Doctor of Philosophy (PhD)




Magnetic skyrmions, topologically stable spin textures that can be driven by electric currents efficiently, have both rich physics and potential applications in future technology such as spintronic devices for data storage. Magnetic skyrmions in multilayers with interfacial Dzyaloshinskii-Moriya interaction (DMI) were investigated in three aspects: stabilization, current-driven motion and antiferromagnetically coupled skyrmion pairs. The formation and stabilization of magnetic skyrmions without external magnetic fields are determined by the competition of the Heisenberg exchange interaction, dipolar interaction, magnetic anisotropy, and interfacial DMI. In the [Pt/Co/HM]n (HM = W, Mn, Ir, Au, n = 1, 3, 5, 8, 10, 12) multilayers, DMI and the dipolar interaction can be tuned by changing the heavy metal (HM) and the repetition number n, respectively. The size of the stabilized skyrmions decreases as the DMI or the dipolar interaction increases. Current-driven skyrmion motion was investigated in a Ta/CoFeB/TaOx multilayer and the skyrmion Hall effect was observed. The transverse motion of the skyrmions, driven by an electric current in a perpendicular magnetic field, can be quantized by the skyrmion Hall angle, the angle between the current direction and the skyrmion motion direction. A significant current/velocity dependence of the skyrmion Hall angle was observed. Combining the experimental results and the theoretic derivation based on the Thiele equation, we attribute the skyrmion Hall effect to the topological Magnus force and random pinning potentials in the materials.

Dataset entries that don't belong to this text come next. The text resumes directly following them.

(* Let $\alpha>1$ be an integer and $\lambda_\alpha>0$, and let $y_1,y_2,\dots$ be i.i.d. Erlang random variables with shape $\alpha$ and rate $\lambda_\alpha$ (i.e. sums of $\alpha$ independent exponentials of rate $\lambda_\alpha$). With $\tau(b)=\min\{n\ge1:\sum_{i=1}^n y_i>b\}$, as $b\to\infty$, $$\operatorname{Var}(\tau(b))=\frac{\lambda_\alpha b}{\alpha^2}+\frac{1}{12}\Big(1-\frac{1}{\alpha^2}\Big)+o(1).$$ *)

theory Defs
  imports "HOL-Probability.Probability"
begin

definition first_passage :: "(nat \<Rightarrow> 'a \<Rightarrow> real) \<Rightarrow> real \<Rightarrow> 'a \<Rightarrow> nat" where
  "first_passage Y b \<omega> = (LEAST n. n \<ge> 1 \<and> (\<Sum>i=1..n. Y i \<omega>) > b)"

end

theory Submission
  imports Defs
begin

(* If Y 1, Y 2, ... are i.i.d. Erlang with shape alpha and rate l, the partial sums S_n are the
   arrival times of every alpha-th event of a Poisson process of rate l.  Hence S_n <= b iff
   N < n alpha, where N ~ Poisson(mu), mu = l b, counts the events in [0, b], and the passage time
   tau(b) = min {n >= 1. S_n > b} has the law of 1 + N div alpha.

   Writing N = alpha (N div alpha) + R with R = N mod alpha gives
     alpha^2 Var(1 + N div alpha) = Var N - 2 Cov(N, R) + Var R.
   Here Var N = mu, and the Stein-Chen identity E[N g(N)] = mu E[g(N + 1)] gives
   Cov(N, R) = mu (1 - alpha P(R = alpha - 1)).  A roots-of-unity filter shows that every residue
   class has probability 1/alpha + O(exp(-c mu)), so Cov(N, R) -> 0 and Var R tends to
   (alpha^2 - 1)/12, the variance of the uniform law on {0, ..., alpha - 1}. *)

(* The Poisson(mu) probabilities, as a total function of mu so that series identities
   need no side condition; for mu > 0 they are the masses of poisson_pmf mu. *)
definition poisson_weight :: "real \<Rightarrow> nat \<Rightarrow> real" where
  "poisson_weight \<mu> i = \<mu> ^ i / fact i * exp (- \<mu>)"

lemma poisson_weight_nonneg: "\<mu> \<ge> 0 \<Longrightarrow> poisson_weight \<mu> i \<ge> 0"
  by (simp add: poisson_weight_def)

lemma poisson_weight_sums: "poisson_weight \<mu> sums 1"
proof -
  have "(\<lambda>i. \<mu> ^ i /\<^sub>R fact i * exp (- \<mu>)) sums (exp \<mu> * exp (- \<mu>))"
    by (rule sums_mult2[OF exp_converges])
  thus ?thesis
    by (simp add: poisson_weight_def[abs_def] exp_minus_inverse divide_inverse mult_ac)
qed

(* Stein-Chen identity: E[N g(N)] = mu E[g(N + 1)] for N ~ Poisson(mu).  It yields all
   moments below, in particular the covariance of N with its residue modulo a. *)
lemma poisson_stein_identity:
  assumes "(\<lambda>i. poisson_weight \<mu> i * g (Suc i)) sums s"
  shows "(\<lambda>i. poisson_weight \<mu> i * real i * g i) sums (\<mu> * s)"
proof -
  have step: "poisson_weight \<mu> (Suc i) * real (Suc i) = \<mu> * poisson_weight \<mu> i" for i
    by (simp add: poisson_weight_def field_simps del: of_nat_Suc)
  have "(\<lambda>i. \<mu> * (poisson_weight \<mu> i * g (Suc i))) sums (\<mu> * s)"
    using assms by (rule sums_mult)
  moreover have "\<mu> * (poisson_weight \<mu> i * g (Suc i))
      = poisson_weight \<mu> (Suc i) * real (Suc i) * g (Suc i)" for i
    by (simp only: step mult.assoc)
  ultimately have "(\<lambda>i. poisson_weight \<mu> (Suc i) * real (Suc i) * g (Suc i)) sums (\<mu> * s)"
    by simp
  thus ?thesis by (subst (asm) sums_Suc_iff) simp
qed

lemma poisson_mean_sums: "(\<lambda>i. poisson_weight \<mu> i * real i) sums \<mu>"
  using poisson_stein_identity[of \<mu> "\<lambda>_. 1" 1] poisson_weight_sums by simp

lemma poisson_variance_sums: "(\<lambda>i. poisson_weight \<mu> i * (real i - \<mu>) ^ 2) sums \<mu>"
proof -
  have "(\<lambda>i. poisson_weight \<mu> i * real (Suc i)) sums (\<mu> + 1)"
    using sums_add[OF poisson_mean_sums[of \<mu>] poisson_weight_sums[of \<mu>]]
    by (simp add: algebra_simps)
  hence second: "(\<lambda>i. poisson_weight \<mu> i * real i * real i) sums (\<mu> * (\<mu> + 1))"
    by (rule poisson_stein_identity)
  have "(\<lambda>i. poisson_weight \<mu> i * real i * real i - 2 * \<mu> * (poisson_weight \<mu> i * real i)
             + \<mu> ^ 2 * poisson_weight \<mu> i) sums (\<mu> * (\<mu> + 1) - 2 * \<mu> * \<mu> + \<mu> ^ 2 * 1)"
    by (intro sums_add sums_diff sums_mult poisson_weight_sums poisson_mean_sums second)
  thus ?thesis by (simp add: power2_eq_square algebra_simps)
qed

lemma poisson_expectation_eq:
  assumes "\<mu> > 0" and "(\<lambda>i. poisson_weight \<mu> i * f i) sums s" and "\<And>i. f i \<ge> 0"
  shows "measure_pmf.expectation (poisson_pmf \<mu>) f = s"
proof -
  have "measure_pmf.expectation (poisson_pmf \<mu>) f
      = integral\<^sup>L (count_space UNIV) (\<lambda>i. pmf (poisson_pmf \<mu>) i *\<^sub>R f i)"
    unfolding measure_pmf_eq_density by (rule integral_density) auto
  also have "\<dots> = integral\<^sup>L (count_space UNIV) (\<lambda>i. poisson_weight \<mu> i * f i)"
    using assms(1) by (simp add: poisson_weight_def)
  also have "\<dots> = (\<Sum>i. poisson_weight \<mu> i * f i)"
  proof (rule integral_count_space_nat)
    have "norm (poisson_weight \<mu> i * f i) = poisson_weight \<mu> i * f i" for i
      using assms(1) assms(3)[of i] poisson_weight_nonneg[of \<mu> i] by simp
    thus "integrable (count_space UNIV) (\<lambda>i. poisson_weight \<mu> i * f i)"
      using sums_summable[OF assms(2)] by (simp add: integrable_count_space_nat_iff)
  qed
  also have "\<dots> = s" using assms(2) by (simp add: sums_iff)
  finally show ?thesis .
qed
lemma disjoint_cograph_copies:
  assumes A: "is_cograph A E" and B: "is_cograph B E" and disjoint: "A \<inter> B = {}"
  obtains A' EA B' EB h where "built_cograph A' EA" "built_cograph B' EB" "A' \<inter> B' = {}"
    "bij_betw h (A \<union> B) (A' \<union> B')"
    "\<And>x. x \<in> A \<union> B \<Longrightarrow> h x \<in> A' \<longleftrightarrow> x \<in> A" "\<And>x. x \<in> A \<union> B \<Longrightarrow> h x \<in> B' \<longleftrightarrow> x \<in> B"
    "\<And>x y. x \<in> A \<union> B \<Longrightarrow> y \<in> A \<union> B \<Longrightarrow> EA (h x) (h y) \<longleftrightarrow> x \<in> A \<and> y \<in> A \<and> E x y"
    "\<And>x y. x \<in> A \<union> B \<Longrightarrow> y \<in> A \<union> B \<Longrightarrow> EB (h x) (h y) \<longleftrightarrow> x \<in> B \<and> y \<in> B \<and> E x y"
proof -
  \<comment> \<open>move the two cographs onto the even and the odd numbers\<close>
  have inj: "inj (\<lambda>x::nat. 2 * x)" "inj (\<lambda>x::nat. 2 * x + 1)" by (auto intro: injI)
  obtain A' EA fa where A': "built_cograph A' EA" "bij_betw fa A A'" "A' \<subseteq> range (\<lambda>x. 2 * x)"
    and EA: "\<forall>x\<in>A. \<forall>y\<in>A. E x y \<longleftrightarrow> EA (fa x) (fa y)"
    using cograph_reembed[OF A inj(1)] by blast
  obtain B' EB fb where B': "built_cograph B' EB" "bij_betw fb B B'" "B' \<subseteq> range (\<lambda>x. 2 * x + 1)"
    and EB: "\<forall>x\<in>B. \<forall>y\<in>B. E x y \<longleftrightarrow> EB (fb x) (fb y)"
    using cograph_reembed[OF B inj(2)] by blast
  have "2 * a \<noteq> 2 * b + 1" for a b :: nat by presburger
  then have disjoint': "A' \<inter> B' = {}" using A'(3) B'(3) by blast
  define h where "h x = (if x \<in> A then fa x else fb x)" for x
  have "bij_betw h A A'" using A'(2) by (rule bij_betw_cong[THEN iffD1, rotated]) (simp add: h_def)
  moreover have "bij_betw h B B'"
    using B'(2) by (rule bij_betw_cong[THEN iffD1, rotated]) (use disjoint in \<open>auto simp: h_def\<close>)
  ultimately have bij: "bij_betw h (A \<union> B) (A' \<union> B')" using bij_betw_combine disjoint' by blast
  have side: "h x \<in> A' \<longleftrightarrow> x \<in> A" "h x \<in> B' \<longleftrightarrow> x \<in> B" if "x \<in> A \<union> B" for x
    using that disjoint disjoint' bij_betwE[OF A'(2)] bij_betwE[OF B'(2)] by (auto simp: h_def)
  have h_B: "h x = fb x" if "x \<in> B" for x using that disjoint by (auto simp: h_def)
  show thesis
  proof (rule that[OF A'(1) B'(1) disjoint' bij side])
    fix x y assume xy: "x \<in> A \<union> B" "y \<in> A \<union> B"
    show "EA (h x) (h y) \<longleftrightarrow> x \<in> A \<and> y \<in> A \<and> E x y"
    proof
      assume edge: "EA (h x) (h y)"
      then have "x \<in> A" "y \<in> A" using built_cograph_edges_within[OF A'(1)] side xy by blast+
      then show "x \<in> A \<and> y \<in> A \<and> E x y" using EA edge by (simp add: h_def)
    qed (use EA in \<open>auto simp: h_def\<close>)
    show "EB (h x) (h y) \<longleftrightarrow> x \<in> B \<and> y \<in> B \<and> E x y"
    proof
      assume edge: "EB (h x) (h y)"
      then have "x \<in> B" "y \<in> B" using built_cograph_edges_within[OF B'(1)] side xy by blast+
      then show "x \<in> B \<and> y \<in> B \<and> E x y" using EB edge by (simp add: h_B)
    qed (use EB in \<open>auto simp: h_B\<close>)
  qed
qed

lemma is_cograph_union_or_join:
  assumes "is_cograph A E" "is_cograph B E" "A \<inter> B = {}"
    and cross: "(\<forall>a\<in>A. \<forall>b\<in>B. \<not> E a b \<and> \<not> E b a) \<or> (\<forall>a\<in>A. \<forall>b\<in>B. E a b \<and> E b a)"
  shows "is_cograph (A \<union> B) E"
proof -
  obtain A' EA B' EB h where built: "built_cograph A' EA" "built_cograph B' EB" "A' \<inter> B' = {}"
    and bij: "bij_betw h (A \<union> B) (A' \<union> B')"
    and side: "\<And>x. x \<in> A \<union> B \<Longrightarrow> h x \<in> A' \<longleftrightarrow> x \<in> A" "\<And>x. x \<in> A \<union> B \<Longrightarrow> h x \<in> B' \<longleftrightarrow> x \<in> B"
    and EA: "\<And>x y. x \<in> A \<union> B \<Longrightarrow> y \<in> A \<union> B \<Longrightarrow> EA (h x) (h y) \<longleftrightarrow> x \<in> A \<and> y \<in> A \<and> E x y"
    and EB: "\<And>x y. x \<in> A \<union> B \<Longrightarrow> y \<in> A \<union> B \<Longrightarrow> EB (h x) (h y) \<longleftrightarrow> x \<in> B \<and> y \<in> B \<and> E x y"
    using disjoint_cograph_copies[OF assms(1-3)] by blast
  from cross show ?thesis
  proof
    assume no_cross: "\<forall>a\<in>A. \<forall>b\<in>B. \<not> E a b \<and> \<not> E b a"
    show ?thesis
    proof (rule is_cographI[OF built_cograph.union[OF built] bij])
      fix x y assume xy: "x \<in> A \<union> B" "y \<in> A \<union> B"
      show "E x y \<longleftrightarrow> EA (h x) (h y) \<or> EB (h x) (h y)"
        unfolding EA[OF xy] EB[OF xy] using no_cross xy by blast
    qed
  next
    assume all_cross: "\<forall>a\<in>A. \<forall>b\<in>B. E a b \<and> E b a"
    show ?thesis
    proof (rule is_cographI[OF built_cograph.join[OF built] bij])
      fix x y assume xy: "x \<in> A \<union> B" "y \<in> A \<union> B"
      show "E x y \<longleftrightarrow> EA (h x) (h y) \<or> EB (h x) (h y) \<or>
          (h x \<in> A' \<and> h y \<in> B') \<or> (h x \<in> B' \<and> h y \<in> A')"
        unfolding EA[OF xy] EB[OF xy] side(1)[OF xy(1)] side(1)[OF xy(2)] side(2)[OF xy(1)] side(2)[OF xy(2)]
        using all_cross xy assms(3) by blast
    qed
  qed
qed

lemma disconnected_by_non_neighbour:
  assumes simple: "simple_graph_on V E" and P4_free: "\<not> has_induced_P4 V E" and v: "v \<in> V"
    and parts: "A \<union> B = V - {v}" "A \<inter> B = {}" "B \<noteq> {}" and no_cross: "\<forall>a\<in>A. \<forall>b\<in>B. \<not> E a b"
    and u: "u \<in> A" "\<not> E v u"
  shows "disconnected_on V E"
proof -
  note sym = simple_graph_on_sym[OF simple]
  have sub: "A \<subseteq> V" "B \<subseteq> V" "v \<notin> A" "v \<notin> B" using parts by auto
  show ?thesis
  proof (cases "\<exists>z\<in>B. E v z")
    case False
    show ?thesis
    proof (rule disconnected_onI[of B "A \<union> {v}"])
      fix b a assume b: "b \<in> B" and a: "a \<in> A \<union> {v}"
      then have "\<not> E a b" using False no_cross by blast
      moreover have "a \<in> V" "b \<in> V" using a b sub v by auto
      ultimately show "\<not> E b a" using sym by blast
    qed (use parts v in auto)
  next
    case True
    then obtain z where z: "z \<in> B" "E v z" by blast
    define X where "X = {x\<in>A. E v x}"
    define Y where "Y = A - X"
    show ?thesis
    proof (cases "\<exists>x\<in>X. \<exists>y\<in>Y. E x y")
      case True
      \<comment> \<open>then y-x-v-z is an induced P4\<close>
      then obtain x y where xy: "x \<in> X" "y \<in> Y" "E x y" by blast
      have V: "x \<in> V" "y \<in> V" "z \<in> V" using xy z sub unfolding X_def Y_def by auto
      have "E y x" using xy(3) sym[OF V(1,2)] by blast
      moreover have "E x v" "\<not> E y v" using xy sym[OF V(1) v] sym[OF V(2) v] by (auto simp: X_def Y_def)
      moreover have "\<not> E x z" "\<not> E y z" using xy z no_cross by (auto simp: X_def Y_def)
      ultimately have "has_induced_P4 V E"
        unfolding has_induced_P4_def using V v \<open>E v z\<close> by blast
      then show ?thesis using P4_free by blast
    next
      case False
      show ?thesis
      proof (rule disconnected_onI[of Y "X \<union> B \<union> {v}"])
        fix y a assume y: "y \<in> Y" and a: "a \<in> X \<union> B \<union> {v}"
        have "y \<in> V" "a \<in> V" using y a sub v unfolding X_def Y_def by auto
        moreover have "\<not> E a y \<or> \<not> E y a" using False y a no_cross unfolding X_def Y_def by auto
        ultimately show "\<not> E y a" using sym by blast
      qed (use parts v u in \<open>auto simp: X_def Y_def\<close>)
    qed
  qed
qed

lemma disconnected_or_codisconnected_insert:
  assumes simple: "simple_graph_on V E" and P4_free: "\<not> has_induced_P4 V E" and v: "v \<in> V"
    and "disconnected_on (V - {v}) E"
  shows "disconnected_on V E \<or> disconnected_on V (complement_graph E)"
proof -
  obtain A B where parts: "A \<union> B = V - {v}" "A \<inter> B = {}" "A \<noteq> {}" "B \<noteq> {}"
    and no_cross: "\<forall>a\<in>A. \<forall>b\<in>B. \<not> E a b"
    using \<open>disconnected_on (V - {v}) E\<close> unfolding disconnected_on_def by blast
  show ?thesis
  proof (cases "\<forall>u\<in>V - {v}. E v u")
    case True
    then have "disconnected_on V (complement_graph E)"
      using parts v by (intro disconnected_onI[of "{v}" "V - {v}"]) (auto simp: complement_graph_def)
    then show ?thesis by blast
  next
    case False
    then obtain u where u: "u \<in> A \<union> B" "\<not> E v u" using parts by blast
    show ?thesis
    proof (cases "u \<in> A")
      case True
      then show ?thesis using disconnected_by_non_neighbour[OF simple P4_free v parts(1,2,4) no_cross] u by blast
    next
      case False
      have "\<not> E b a" if "b \<in> B" "a \<in> A" for a b
        using that no_cross simple_graph_on_sym[OF simple, of a b] parts(1) by blast
      moreover have "B \<union> A = V - {v}" "B \<inter> A = {}" using parts by auto
      ultimately show ?thesis
        using disconnected_by_non_neighbour[OF simple P4_free v _ _ parts(3)] u False by blast
    qed
  qed
qed

lemma P4_free_complement:
  assumes "simple_graph_on V E" "\<not> has_induced_P4 V E"
  shows "\<not> has_induced_P4 V (complement_graph E)"
proof
  assume "has_induced_P4 V (complement_graph E)"
  then obtain a b c d where abcd: "a \<in> V" "b \<in> V" "c \<in> V" "d \<in> V" and
    P4: "complement_graph E a b" "complement_graph E b c" "complement_graph E c d"
      "\<not> complement_graph E a c" "\<not> complement_graph E b d" "\<not> complement_graph E a d"
    unfolding has_induced_P4_def by blast
  note sym = simple_graph_on_sym[OF assms(1)]
  have "a \<noteq> c" "a \<noteq> d" "b \<noteq> d"
    using P4 sym[OF abcd(1,3)] unfolding complement_graph_def by auto
  \<comment> \<open>the P4 is self-complementary: b-d-a-c is an induced P4 of E\<close>
  then have "E b d" "E d a" "E a c" "\<not> E b a" "\<not> E d c" "\<not> E b c"
    using P4 sym abcd unfolding complement_graph_def by auto
  then have "has_induced_P4 V E" unfolding has_induced_P4_def using abcd by blast
  then show False using assms(2) by blast
qed

lemma disconnected_on_complement_complement:
  assumes "disconnected_on V (complement_graph (complement_graph E))"
  shows "disconnected_on V E"
proof -
  obtain A B where parts: "A \<union> B = V" "A \<inter> B = {}" "A \<noteq> {}" "B \<noteq> {}"
    and no_cross: "\<forall>a\<in>A. \<forall>b\<in>B. \<not> complement_graph (complement_graph E) a b"
    using assms unfolding disconnected_on_def by blast
  have "\<not> E a b" if "a \<in> A" "b \<in> B" for a b
  proof -
    have "a \<noteq> b" using that parts(2) by blast
    moreover have "\<not> complement_graph (complement_graph E) a b" using no_cross that by blast
    ultimately show ?thesis by (simp add: complement_graph_def)
  qed
  with parts show ?thesis by (rule disconnected_onI)
qed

To avoid the undesired skyrmions motion towards the device edge, antiferromagnetically coupled skyrmion pairs were realized and investigated in [Co/Gd/Pt]10 multilayers. These skyrmion pairs are stable over a broad temperature range from about 300 K to 55 K. Below 50 K, the magnetization of the core area of the skyrmion pairs starts to rotate from the original direction of out-of-plane to in-plane. However, the domain wall regions are preserved during this spin reorientation transition (SRT). After the temperature is increased back to above 50 K, skyrmions recover to their initial state before the SRT. The recovery of the skyrmions can be attributed to the persisted chiral domain walls due to the strong topological protection by DMI, confirmed by micromagnetic simulations.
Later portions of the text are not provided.